● ASSIGNMENT
Print the lines that run from the line with "(\<forall>s \<in> arr S. pdom" to the line with "X = (\<Union>s", keeping both end lines, exactly as they appear in the entries below, and nothing else.

● AVAILABLE RECORDS

(* Let $\theta$ be an ordered partial action of an inverse semigroupoid $\mathcal{S}$ on a partially ordered set $X$, and let $(\eta,E,i)$ be the ordered globalization given by the globalization construction with the induced order on $E$. Then for every ordered global action $\zeta=(\{F_s\},\{\zeta_s\})$ of $\mathcal{S}$ on a poset $F$ and every ordered $\mathcal{S}$-equivariant map $j:X\to F$, there exists a unique ordered $\mathcal{S}$-equivariant map $k:E\to F$ with $k\circ i=j$; it is given by $k([s,x])=\zeta_s(j(x))$.
   Context: Inverse semigroupoid: arrows $\mathcal{S}$, objects $\mathcal{S}^{(0)}$, maps $d,c$, associative multiplication on $\mathcal{S}^{(2)}=\{(s,t):d(s)=c(t)\}$ with $d(st)=d(t)$, $c(st)=c(s)$, and unique $s^*$ with $ss^*s=s$, $s^*ss^*=s^*$; $E(\mathcal{S})$ = idempotents; natural partial order $s\leqslant t$ (for parallel $s,t$) iff $s=te$ for an idempotent $e$ with $(t,e)\in\mathcal{S}^{(2)}$. A partial action of $\mathcal{S}$ on a set $X$ is a pair $(\{X_s\},\{\theta_s\})$ of subsets $X_s\subseteq X$ and maps $\theta_s:X_{s^*}\to X_s$ such that: each $\theta_s$ is a bijection with $\theta_s^{-1}=\theta_{s^*}$ and $X=\bigcup_s X_s$; $\theta_s\circ\theta_t\subseteq\theta_{st}$ as partial maps for $(s,t)\in\mathcal{S}^{(2)}$; $X_s\subseteq X_t$ whenever $s\leqslant t$. It is global if $\theta_s\circ\theta_t=\theta_{st}$ for all $(s,t)\in\mathcal{S}^{(2)}$. When $X$ is a poset, it is an ordered partial action if each $X_s$ is an order ideal of $X$ and each $\theta_s$ is an order isomorphism. A map $\varphi:X\to Y$ between sets with partial actions $\theta^X,\theta^Y$ is $\mathcal{S}$-equivariant if $\varphi(X_s)\subseteq Y_s$ and $\varphi(\theta^X_s(x))=\theta^Y_s(\varphi(x))$ for $x\in X_{s^*}$; it is ordered $\mathcal{S}$-equivariant if moreover order preserving. Globalization construction: let $D=\{(s,x)\in\mathcal{S}\times X: x\in X_{s^*s}\}$. Define $(s,x)\sim(t,y)$ on $D$ iff either (R1) $(t^*,s)\in\mathcal{S}^{(2)}$, $x\in X_{s^*t}$ and $\theta_{t^*s}(x)=y$; or (R2) $s,t\in E(\mathcal{S})$ and $x=y$. Let $\approx$ be the equivalence relation on $D$ generated by $\sim$, $E=D/{\approx}$, and $[s,x]$ the class of $(s,x)$. For $s\in\mathcal{S}$ put $D_s=\{(p,x)\in D:(s^*,p)\in\mathcal{S}^{(2)},\ x\in X_{p^*ss^*p}\}$, $E_s=\{[p,x]:(p,x)\in D_s\}$, and $\eta_s:E_{s^*}\to E_s$, $\eta_s([p,x])=[sp,x]$ for $(p,x)\in D_{s^*}$. Define $i:X\to E$ by $i(x)=[e,x]$ for any $e\in E(\mathcal{S})$ with $x\in X_e$. The order on $E$: $[s,x]\leqslant[t,y]$ iff there exist $(r,y')\in D$ and $x'\in X$ with $(r,y')\approx(t,y)$, $x'\leqslant y'$, $(r,x')\approx(s,x)$; with it $\eta$ is an ordered global action. *)

theory Defs
  imports Main
begin

record ('s, 'o) semigroupoid =
  arr :: "'s set"
  dm  :: "'s \<Rightarrow> 'o"
  cd  :: "'s \<Rightarrow> 'o"
  mul :: "'s \<Rightarrow> 's \<Rightarrow> 's"
  sinv :: "'s \<Rightarrow> 's"

definition composable :: "('s, 'o, 'z) semigroupoid_scheme \<Rightarrow> 's \<Rightarrow> 's \<Rightarrow> bool" where
  "composable S s t \<longleftrightarrow> s \<in> arr S \<and> t \<in> arr S \<and> dm S s = cd S t"

definition inverse_semigroupoid :: "('s, 'o, 'z) semigroupoid_scheme \<Rightarrow> bool" where
  "inverse_semigroupoid S \<longleftrightarrow>
     (\<forall>s t. composable S s t \<longrightarrow>
        mul S s t \<in> arr S \<and> dm S (mul S s t) = dm S t \<and> cd S (mul S s t) = cd S s) \<and>
     (\<forall>r s t. composable S r s \<and> composable S s t \<longrightarrow>
        mul S (mul S r s) t = mul S r (mul S s t)) \<and>
     (\<forall>s \<in> arr S. sinv S s \<in> arr S \<and> dm S (sinv S s) = cd S s \<and> cd S (sinv S s) = dm S s \<and>
        mul S (mul S s (sinv S s)) s = s \<and>
        mul S (mul S (sinv S s) s) (sinv S s) = sinv S s \<and>
        (\<forall>t \<in> arr S. dm S t = cd S s \<and> cd S t = dm S s \<and>
           mul S (mul S s t) s = s \<and> mul S (mul S t s) t = t \<longrightarrow> t = sinv S s))"

definition idems :: "('s, 'o, 'z) semigroupoid_scheme \<Rightarrow> 's set" where
  "idems S = {e \<in> arr S. dm S e = cd S e \<and> mul S e e = e}"

definition nat_le :: "('s, 'o, 'z) semigroupoid_scheme \<Rightarrow> 's \<Rightarrow> 's \<Rightarrow> bool" where
  "nat_le S s t \<longleftrightarrow> s \<in> arr S \<and> t \<in> arr S \<and> dm S s = dm S t \<and> cd S s = cd S t \<and>
     (\<exists>e \<in> idems S. composable S t e \<and> s = mul S t e)"

record ('s, 'x) pact =
  pdom :: "'s \<Rightarrow> 'x set"
  pmap :: "'s \<Rightarrow> 'x \<Rightarrow> 'x"

definition partial_action ::
  "('s, 'o, 'z) semigroupoid_scheme \<Rightarrow> 'x set \<Rightarrow> ('s, 'x) pact \<Rightarrow> bool" where
  "partial_action S X \<theta> \<longleftrightarrow>
     (\<forall>s \<in> arr S. pdom \<theta> s \<subseteq> X) \<and>
     (\<forall>s \<in> arr S. bij_betw (pmap \<theta> s) (pdom \<theta> (sinv S s)) (pdom \<theta> s) \<and>
        (\<forall>x \<in> pdom \<theta> (sinv S s). pmap \<theta> (sinv S s) (pmap \<theta> s x) = x) \<and>
        (\<forall>y \<in> pdom \<theta> s. pmap \<theta> s (pmap \<theta> (sinv S s) y) = y)) \<and>
     X = (\<Union>s \<in> arr S. pdom \<theta> s) \<and>
     (\<forall>s t. composable S s t \<longrightarrow>
        (\<forall>x \<in> pdom \<theta> (sinv S t). pmap \<theta> t x \<in> pdom \<theta> (sinv S s) \<longrightarrow>
           x \<in> pdom \<theta> (sinv S (mul S s t)) \<and> pmap \<theta> (mul S s t) x = pmap \<theta> s (pmap \<theta> t x))) \<and>
     (\<forall>s t. nat_le S s t \<longrightarrow> pdom \<theta> s \<subseteq> pdom \<theta> t)"

definition global_action ::
  "('s, 'o, 'z) semigroupoid_scheme \<Rightarrow> 'x set \<Rightarrow> ('s, 'x) pact \<Rightarrow> bool" where
  "global_action S X \<theta> \<longleftrightarrow> partial_action S X \<theta> \<and>
     (\<forall>s t. composable S s t \<longrightarrow>
        {x \<in> pdom \<theta> (sinv S t). pmap \<theta> t x \<in> pdom \<theta> (sinv S s)} = pdom \<theta> (sinv S (mul S s t)) \<and>
        (\<forall>x \<in> pdom \<theta> (sinv S (mul S s t)). pmap \<theta> (mul S s t) x = pmap \<theta> s (pmap \<theta> t x)))"

definition poset_on :: "'x set \<Rightarrow> ('x \<Rightarrow> 'x \<Rightarrow> bool) \<Rightarrow> bool" where
  "poset_on X le \<longleftrightarrow> (\<forall>x \<in> X. le x x) \<and>
     (\<forall>x \<in> X. \<forall>y \<in> X. \<forall>z \<in> X. le x y \<and> le y z \<longrightarrow> le x z) \<and>
     (\<forall>x \<in> X. \<forall>y \<in> X. le x y \<and> le y x \<longrightarrow> x = y)"

definition order_ideal :: "'x set \<Rightarrow> ('x \<Rightarrow> 'x \<Rightarrow> bool) \<Rightarrow> 'x set \<Rightarrow> bool" where
  "order_ideal X le A \<longleftrightarrow> A \<subseteq> X \<and> (\<forall>x \<in> X. \<forall>y \<in> A. le x y \<longrightarrow> x \<in> A)"

definition ordered_partial_action ::
  "('s, 'o, 'z) semigroupoid_scheme \<Rightarrow> 'x set \<Rightarrow> ('x \<Rightarrow> 'x \<Rightarrow> bool) \<Rightarrow> ('s, 'x) pact \<Rightarrow> bool" where
  "ordered_partial_action S X le \<theta> \<longleftrightarrow> poset_on X le \<and> partial_action S X \<theta> \<and>
     (\<forall>s \<in> arr S. order_ideal X le (pdom \<theta> s)) \<and>
     (\<forall>s \<in> arr S. \<forall>x \<in> pdom \<theta> (sinv S s). \<forall>y \<in> pdom \<theta> (sinv S s).
        le x y \<longleftrightarrow> le (pmap \<theta> s x) (pmap \<theta> s y))"

definition ordered_global_action ::
  "('s, 'o, 'z) semigroupoid_scheme \<Rightarrow> 'x set \<Rightarrow> ('x \<Rightarrow> 'x \<Rightarrow> bool) \<Rightarrow> ('s, 'x) pact \<Rightarrow> bool" where
  "ordered_global_action S X le \<theta> \<longleftrightarrow> ordered_partial_action S X le \<theta> \<and> global_action S X \<theta>"

definition equivariant ::
  "('s, 'o, 'z) semigroupoid_scheme \<Rightarrow> 'x set \<Rightarrow> ('s, 'x) pact \<Rightarrow> 'y set \<Rightarrow> ('s, 'y) pact
     \<Rightarrow> ('x \<Rightarrow> 'y) \<Rightarrow> bool" where
  "equivariant S X \<theta> Y \<psi> \<phi> \<longleftrightarrow> (\<forall>x \<in> X. \<phi> x \<in> Y) \<and>
     (\<forall>s \<in> arr S. \<phi> ` pdom \<theta> s \<subseteq> pdom \<psi> s) \<and>
     (\<forall>s \<in> arr S. \<forall>x \<in> pdom \<theta> (sinv S s). \<phi> (pmap \<theta> s x) = pmap \<psi> s (\<phi> x))"

definition ordered_equivariant ::
  "('s, 'o, 'z) semigroupoid_scheme \<Rightarrow> 'x set \<Rightarrow> ('x \<Rightarrow> 'x \<Rightarrow> bool) \<Rightarrow> ('s, 'x) pact
     \<Rightarrow> 'y set \<Rightarrow> ('y \<Rightarrow> 'y \<Rightarrow> bool) \<Rightarrow> ('s, 'y) pact \<Rightarrow> ('x \<Rightarrow> 'y) \<Rightarrow> bool" where
  "ordered_equivariant S X leX \<theta> Y leY \<psi> \<phi> \<longleftrightarrow> equivariant S X \<theta> Y \<psi> \<phi> \<and>
     (\<forall>x \<in> X. \<forall>y \<in> X. leX x y \<longrightarrow> leY (\<phi> x) (\<phi> y))"

definition glob_D :: "('s, 'o, 'z) semigroupoid_scheme \<Rightarrow> ('s, 'x) pact \<Rightarrow> ('s \<times> 'x) set" where
  "glob_D S \<theta> = {(s, x). s \<in> arr S \<and> x \<in> pdom \<theta> (mul S (sinv S s) s)}"

definition glob_sim :: "('s, 'o, 'z) semigroupoid_scheme \<Rightarrow> ('s, 'x) pact \<Rightarrow> (('s \<times> 'x) \<times> ('s \<times> 'x)) set" where
  "glob_sim S \<theta> = {((s, x), (t, y)). (s, x) \<in> glob_D S \<theta> \<and> (t, y) \<in> glob_D S \<theta> \<and>
      ((composable S (sinv S t) s \<and> x \<in> pdom \<theta> (mul S (sinv S s) t) \<and>
          pmap \<theta> (mul S (sinv S t) s) x = y)
       \<or> (s \<in> idems S \<and> t \<in> idems S \<and> x = y))}"

definition glob_approx :: "('s, 'o, 'z) semigroupoid_scheme \<Rightarrow> ('s, 'x) pact \<Rightarrow> (('s \<times> 'x) \<times> ('s \<times> 'x)) set" where
  "glob_approx S \<theta> = ((glob_sim S \<theta> \<union> (glob_sim S \<theta>)\<inverse>)\<^sup>*) \<inter> (glob_D S \<theta> \<times> glob_D S \<theta>)"

definition glob_E :: "('s, 'o, 'z) semigroupoid_scheme \<Rightarrow> ('s, 'x) pact \<Rightarrow> ('s \<times> 'x) set set" where
  "glob_E S \<theta> = glob_D S \<theta> // glob_approx S \<theta>"

definition glob_cls :: "('s, 'o, 'z) semigroupoid_scheme \<Rightarrow> ('s, 'x) pact \<Rightarrow> 's \<Rightarrow> 'x \<Rightarrow> ('s \<times> 'x) set" where
  "glob_cls S \<theta> s x = glob_approx S \<theta> `` {(s, x)}"

definition glob_Ds :: "('s, 'o, 'z) semigroupoid_scheme \<Rightarrow> ('s, 'x) pact \<Rightarrow> 's \<Rightarrow> ('s \<times> 'x) set" where
  "glob_Ds S \<theta> s = {(p, x) \<in> glob_D S \<theta>. composable S (sinv S s) p \<and>
      x \<in> pdom \<theta> (mul S (mul S (mul S (sinv S p) s) (sinv S s)) p)}"

definition glob_Es :: "('s, 'o, 'z) semigroupoid_scheme \<Rightarrow> ('s, 'x) pact \<Rightarrow> 's \<Rightarrow> ('s \<times> 'x) set set" where
  "glob_Es S \<theta> s = {glob_cls S \<theta> p x | p x. (p, x) \<in> glob_Ds S \<theta> s}"

text \<open>\<open>\<eta>_s([p,x]) = [sp,x]\<close> for \<open>(p,x) \<in> D_{s*}\<close> (computed via a chosen representative).\<close>
definition glob_eta :: "('s, 'o, 'z) semigroupoid_scheme \<Rightarrow> ('s, 'x) pact \<Rightarrow> 's \<Rightarrow> ('s \<times> 'x) set \<Rightarrow> ('s \<times> 'x) set" where
  "glob_eta S \<theta> s A = (let r = (SOME r. r \<in> glob_Ds S \<theta> (sinv S s) \<and> glob_cls S \<theta> (fst r) (snd r) = A)
      in glob_cls S \<theta> (mul S s (fst r)) (snd r))"

definition glob_action :: "('s, 'o, 'z) semigroupoid_scheme \<Rightarrow> ('s, 'x) pact \<Rightarrow> ('s, ('s \<times> 'x) set) pact" where
  "glob_action S \<theta> = \<lparr>pdom = glob_Es S \<theta>, pmap = glob_eta S \<theta>\<rparr>"

definition glob_i :: "('s, 'o, 'z) semigroupoid_scheme \<Rightarrow> ('s, 'x) pact \<Rightarrow> 'x \<Rightarrow> ('s \<times> 'x) set" where
  "glob_i S \<theta> x = glob_cls S \<theta> (SOME e. e \<in> idems S \<and> x \<in> pdom \<theta> e) x"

● TASK SOLUTION
     (\<forall>s \<in> arr S. pdom \<theta> s \<subseteq> X) \<and>
     (\<forall>s \<in> arr S. bij_betw (pmap \<theta> s) (pdom \<theta> (sinv S s)) (pdom \<theta> s) \<and>
        (\<forall>x \<in> pdom \<theta> (sinv S s). pmap \<theta> (sinv S s) (pmap \<theta> s x) = x) \<and>
        (\<forall>y \<in> pdom \<theta> s. pmap \<theta> s (pmap \<theta> (sinv S s) y) = y)) \<and>
     X = (\<Union>s \<in> arr S. pdom \<theta> s) \<and>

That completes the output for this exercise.